Task to carry out: Reply with nothing but the number of lines in the data below where the word "most" occurs.

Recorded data
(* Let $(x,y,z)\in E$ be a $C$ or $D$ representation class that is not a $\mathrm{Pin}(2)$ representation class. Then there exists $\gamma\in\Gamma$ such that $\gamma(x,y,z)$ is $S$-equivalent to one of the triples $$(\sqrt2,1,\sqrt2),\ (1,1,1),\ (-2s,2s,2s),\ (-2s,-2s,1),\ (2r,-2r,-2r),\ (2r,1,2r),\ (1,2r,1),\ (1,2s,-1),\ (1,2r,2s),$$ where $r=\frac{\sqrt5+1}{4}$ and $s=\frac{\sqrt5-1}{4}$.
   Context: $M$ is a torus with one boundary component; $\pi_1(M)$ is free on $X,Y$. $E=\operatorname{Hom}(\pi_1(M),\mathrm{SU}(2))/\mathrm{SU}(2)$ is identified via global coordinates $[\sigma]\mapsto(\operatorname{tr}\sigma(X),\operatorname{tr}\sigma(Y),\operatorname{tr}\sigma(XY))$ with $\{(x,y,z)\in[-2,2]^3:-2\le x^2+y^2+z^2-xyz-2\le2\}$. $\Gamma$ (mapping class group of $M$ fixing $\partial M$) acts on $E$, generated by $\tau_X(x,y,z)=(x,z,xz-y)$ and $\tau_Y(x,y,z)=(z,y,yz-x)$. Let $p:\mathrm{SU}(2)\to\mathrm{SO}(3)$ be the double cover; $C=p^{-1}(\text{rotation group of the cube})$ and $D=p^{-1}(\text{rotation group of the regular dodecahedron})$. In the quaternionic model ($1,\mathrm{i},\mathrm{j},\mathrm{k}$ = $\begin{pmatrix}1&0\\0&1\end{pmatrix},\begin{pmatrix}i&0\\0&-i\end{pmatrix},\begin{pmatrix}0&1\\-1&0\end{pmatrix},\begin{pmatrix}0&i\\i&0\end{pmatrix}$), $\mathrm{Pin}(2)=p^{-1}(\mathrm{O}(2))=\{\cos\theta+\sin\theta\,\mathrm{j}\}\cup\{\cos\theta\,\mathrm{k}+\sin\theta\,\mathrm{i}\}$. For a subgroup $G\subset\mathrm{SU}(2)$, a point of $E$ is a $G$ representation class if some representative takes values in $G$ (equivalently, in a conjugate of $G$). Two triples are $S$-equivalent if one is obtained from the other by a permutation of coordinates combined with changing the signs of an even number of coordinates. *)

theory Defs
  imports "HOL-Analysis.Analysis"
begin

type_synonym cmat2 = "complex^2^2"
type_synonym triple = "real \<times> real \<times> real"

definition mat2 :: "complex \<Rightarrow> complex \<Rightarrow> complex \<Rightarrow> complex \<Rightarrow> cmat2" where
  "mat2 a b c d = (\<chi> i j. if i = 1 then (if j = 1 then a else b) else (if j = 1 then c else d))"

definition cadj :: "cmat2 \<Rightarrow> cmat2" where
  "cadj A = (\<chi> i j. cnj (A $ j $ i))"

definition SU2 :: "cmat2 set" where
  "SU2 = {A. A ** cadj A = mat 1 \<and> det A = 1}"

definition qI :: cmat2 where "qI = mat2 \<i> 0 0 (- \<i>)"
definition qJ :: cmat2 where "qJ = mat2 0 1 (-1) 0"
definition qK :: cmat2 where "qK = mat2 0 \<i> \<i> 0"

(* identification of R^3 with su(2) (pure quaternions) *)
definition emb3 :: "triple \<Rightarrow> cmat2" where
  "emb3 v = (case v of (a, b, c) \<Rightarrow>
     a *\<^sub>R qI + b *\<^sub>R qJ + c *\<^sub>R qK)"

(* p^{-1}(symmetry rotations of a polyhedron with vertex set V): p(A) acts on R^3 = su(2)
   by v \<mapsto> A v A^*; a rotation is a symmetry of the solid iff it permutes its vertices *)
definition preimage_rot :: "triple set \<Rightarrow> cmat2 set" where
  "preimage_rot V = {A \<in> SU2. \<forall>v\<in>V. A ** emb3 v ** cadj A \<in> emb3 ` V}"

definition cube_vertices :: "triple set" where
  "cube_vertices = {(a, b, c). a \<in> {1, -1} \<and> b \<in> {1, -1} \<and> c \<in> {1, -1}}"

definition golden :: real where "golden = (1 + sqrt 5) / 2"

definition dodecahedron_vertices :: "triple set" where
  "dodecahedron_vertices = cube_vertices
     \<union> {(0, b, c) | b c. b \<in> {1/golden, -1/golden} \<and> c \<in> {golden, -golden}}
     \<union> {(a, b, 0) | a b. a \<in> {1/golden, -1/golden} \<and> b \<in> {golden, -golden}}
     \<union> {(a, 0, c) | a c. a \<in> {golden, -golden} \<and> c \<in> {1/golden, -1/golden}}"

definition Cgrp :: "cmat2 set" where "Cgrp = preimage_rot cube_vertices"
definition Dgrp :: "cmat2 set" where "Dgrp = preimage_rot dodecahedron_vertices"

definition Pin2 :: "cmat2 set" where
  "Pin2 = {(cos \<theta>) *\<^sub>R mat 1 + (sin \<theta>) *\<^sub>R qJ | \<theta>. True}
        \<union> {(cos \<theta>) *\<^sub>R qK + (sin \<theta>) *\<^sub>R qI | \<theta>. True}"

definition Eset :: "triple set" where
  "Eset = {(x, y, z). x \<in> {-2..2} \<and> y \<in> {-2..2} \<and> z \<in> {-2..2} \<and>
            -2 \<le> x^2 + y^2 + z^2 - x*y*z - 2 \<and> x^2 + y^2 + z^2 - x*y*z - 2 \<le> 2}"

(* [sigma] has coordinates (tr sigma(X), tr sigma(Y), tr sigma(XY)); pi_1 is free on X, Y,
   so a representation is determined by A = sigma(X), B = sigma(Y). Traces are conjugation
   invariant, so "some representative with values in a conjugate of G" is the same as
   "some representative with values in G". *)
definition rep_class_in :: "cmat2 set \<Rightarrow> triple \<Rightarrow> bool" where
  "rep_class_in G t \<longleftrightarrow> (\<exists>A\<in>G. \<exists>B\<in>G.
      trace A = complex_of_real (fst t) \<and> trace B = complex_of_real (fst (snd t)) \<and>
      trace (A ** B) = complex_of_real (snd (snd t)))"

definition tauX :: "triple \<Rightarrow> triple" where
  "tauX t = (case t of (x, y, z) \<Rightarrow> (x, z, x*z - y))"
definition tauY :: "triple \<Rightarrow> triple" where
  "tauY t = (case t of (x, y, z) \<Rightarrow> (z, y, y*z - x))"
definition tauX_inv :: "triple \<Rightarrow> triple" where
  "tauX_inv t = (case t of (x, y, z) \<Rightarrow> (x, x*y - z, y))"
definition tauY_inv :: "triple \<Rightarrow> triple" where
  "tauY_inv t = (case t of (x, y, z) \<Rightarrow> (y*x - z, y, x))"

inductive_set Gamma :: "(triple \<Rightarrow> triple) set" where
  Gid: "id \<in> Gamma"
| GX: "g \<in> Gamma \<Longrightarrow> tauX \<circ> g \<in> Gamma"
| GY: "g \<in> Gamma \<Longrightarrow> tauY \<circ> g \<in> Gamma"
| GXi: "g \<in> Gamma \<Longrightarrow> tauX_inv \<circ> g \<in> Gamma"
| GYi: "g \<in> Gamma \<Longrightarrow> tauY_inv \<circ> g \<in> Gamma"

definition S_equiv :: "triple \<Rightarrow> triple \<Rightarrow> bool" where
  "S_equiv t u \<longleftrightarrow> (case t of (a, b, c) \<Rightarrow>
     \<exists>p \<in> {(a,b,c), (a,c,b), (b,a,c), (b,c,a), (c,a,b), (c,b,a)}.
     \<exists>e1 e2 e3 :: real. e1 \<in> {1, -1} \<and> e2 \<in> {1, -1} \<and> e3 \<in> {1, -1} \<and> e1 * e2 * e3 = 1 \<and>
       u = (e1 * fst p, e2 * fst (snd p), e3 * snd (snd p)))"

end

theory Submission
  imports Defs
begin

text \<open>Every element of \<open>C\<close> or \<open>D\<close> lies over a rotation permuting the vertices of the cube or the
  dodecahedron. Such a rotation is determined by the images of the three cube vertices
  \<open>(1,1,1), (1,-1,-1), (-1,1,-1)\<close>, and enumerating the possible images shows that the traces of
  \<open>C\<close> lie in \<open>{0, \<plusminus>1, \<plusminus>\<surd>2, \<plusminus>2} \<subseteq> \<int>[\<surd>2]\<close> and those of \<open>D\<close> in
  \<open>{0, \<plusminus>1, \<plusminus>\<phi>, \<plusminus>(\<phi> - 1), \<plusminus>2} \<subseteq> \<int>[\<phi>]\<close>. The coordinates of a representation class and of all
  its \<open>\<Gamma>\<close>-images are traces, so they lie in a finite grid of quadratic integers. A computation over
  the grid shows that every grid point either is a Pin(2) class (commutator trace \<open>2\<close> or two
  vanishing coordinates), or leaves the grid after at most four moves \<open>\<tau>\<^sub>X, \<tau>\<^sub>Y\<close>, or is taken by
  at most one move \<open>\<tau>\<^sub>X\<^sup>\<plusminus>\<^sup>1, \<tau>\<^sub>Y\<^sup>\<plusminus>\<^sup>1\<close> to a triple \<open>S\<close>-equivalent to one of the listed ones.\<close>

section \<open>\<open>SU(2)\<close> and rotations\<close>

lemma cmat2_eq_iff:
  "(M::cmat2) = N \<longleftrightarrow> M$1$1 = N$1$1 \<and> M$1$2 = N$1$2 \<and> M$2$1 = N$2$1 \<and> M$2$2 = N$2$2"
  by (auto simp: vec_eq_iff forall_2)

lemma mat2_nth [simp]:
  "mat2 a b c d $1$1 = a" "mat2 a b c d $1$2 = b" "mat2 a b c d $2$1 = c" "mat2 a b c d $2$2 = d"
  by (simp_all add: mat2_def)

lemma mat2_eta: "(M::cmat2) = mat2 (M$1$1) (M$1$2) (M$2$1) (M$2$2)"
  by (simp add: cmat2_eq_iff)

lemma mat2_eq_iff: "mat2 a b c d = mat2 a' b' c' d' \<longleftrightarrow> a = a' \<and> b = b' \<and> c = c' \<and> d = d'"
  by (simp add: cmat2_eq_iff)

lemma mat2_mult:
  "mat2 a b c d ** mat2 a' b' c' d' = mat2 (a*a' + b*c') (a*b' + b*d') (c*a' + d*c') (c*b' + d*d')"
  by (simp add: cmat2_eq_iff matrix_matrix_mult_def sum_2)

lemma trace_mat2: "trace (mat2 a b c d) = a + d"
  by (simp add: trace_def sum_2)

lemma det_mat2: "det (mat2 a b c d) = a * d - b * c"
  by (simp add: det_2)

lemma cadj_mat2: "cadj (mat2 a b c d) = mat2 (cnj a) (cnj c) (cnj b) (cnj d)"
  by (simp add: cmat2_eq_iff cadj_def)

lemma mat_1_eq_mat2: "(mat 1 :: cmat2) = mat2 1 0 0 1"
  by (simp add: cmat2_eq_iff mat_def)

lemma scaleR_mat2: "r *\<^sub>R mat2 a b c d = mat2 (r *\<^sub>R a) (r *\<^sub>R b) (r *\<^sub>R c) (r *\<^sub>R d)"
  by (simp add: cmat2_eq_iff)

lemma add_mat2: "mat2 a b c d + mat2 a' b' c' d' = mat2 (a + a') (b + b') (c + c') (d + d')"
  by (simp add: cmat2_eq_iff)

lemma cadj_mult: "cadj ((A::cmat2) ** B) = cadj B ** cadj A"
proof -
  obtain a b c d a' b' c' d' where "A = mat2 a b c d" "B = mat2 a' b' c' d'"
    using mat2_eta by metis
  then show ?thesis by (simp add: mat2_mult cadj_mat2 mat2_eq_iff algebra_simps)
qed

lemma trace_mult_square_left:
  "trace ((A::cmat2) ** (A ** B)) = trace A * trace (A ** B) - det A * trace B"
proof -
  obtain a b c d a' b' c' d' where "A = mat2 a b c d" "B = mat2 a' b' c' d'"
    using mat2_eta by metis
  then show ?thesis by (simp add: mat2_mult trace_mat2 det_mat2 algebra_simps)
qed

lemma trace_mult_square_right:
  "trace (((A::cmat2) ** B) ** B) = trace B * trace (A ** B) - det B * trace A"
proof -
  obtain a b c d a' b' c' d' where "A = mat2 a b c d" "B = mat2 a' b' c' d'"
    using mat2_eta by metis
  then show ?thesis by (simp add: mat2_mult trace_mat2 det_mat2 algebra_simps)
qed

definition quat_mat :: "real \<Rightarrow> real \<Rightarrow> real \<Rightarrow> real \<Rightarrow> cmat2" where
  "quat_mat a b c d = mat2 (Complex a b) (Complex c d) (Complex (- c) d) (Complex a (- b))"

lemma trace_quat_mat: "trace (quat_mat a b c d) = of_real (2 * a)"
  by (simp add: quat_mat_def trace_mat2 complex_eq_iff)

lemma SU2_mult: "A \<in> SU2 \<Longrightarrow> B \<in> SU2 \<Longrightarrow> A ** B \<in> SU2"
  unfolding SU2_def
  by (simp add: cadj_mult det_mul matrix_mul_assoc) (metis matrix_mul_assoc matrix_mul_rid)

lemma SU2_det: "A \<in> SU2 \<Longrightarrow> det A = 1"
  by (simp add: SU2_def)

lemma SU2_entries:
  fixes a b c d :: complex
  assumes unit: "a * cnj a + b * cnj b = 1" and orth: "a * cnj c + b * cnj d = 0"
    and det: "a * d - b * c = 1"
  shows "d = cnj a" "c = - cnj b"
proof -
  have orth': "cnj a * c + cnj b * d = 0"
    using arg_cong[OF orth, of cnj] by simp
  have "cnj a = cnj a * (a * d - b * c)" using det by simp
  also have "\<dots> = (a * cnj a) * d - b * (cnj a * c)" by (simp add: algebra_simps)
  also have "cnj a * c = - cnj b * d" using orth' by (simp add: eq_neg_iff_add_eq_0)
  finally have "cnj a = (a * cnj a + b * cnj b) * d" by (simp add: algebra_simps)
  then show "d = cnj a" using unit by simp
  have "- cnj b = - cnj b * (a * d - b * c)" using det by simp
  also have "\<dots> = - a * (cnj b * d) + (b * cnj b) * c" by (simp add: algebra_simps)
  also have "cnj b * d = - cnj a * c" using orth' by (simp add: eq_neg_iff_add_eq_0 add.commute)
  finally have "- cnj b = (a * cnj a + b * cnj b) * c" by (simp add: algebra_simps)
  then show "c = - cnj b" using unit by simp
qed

Answer to the exercise: 2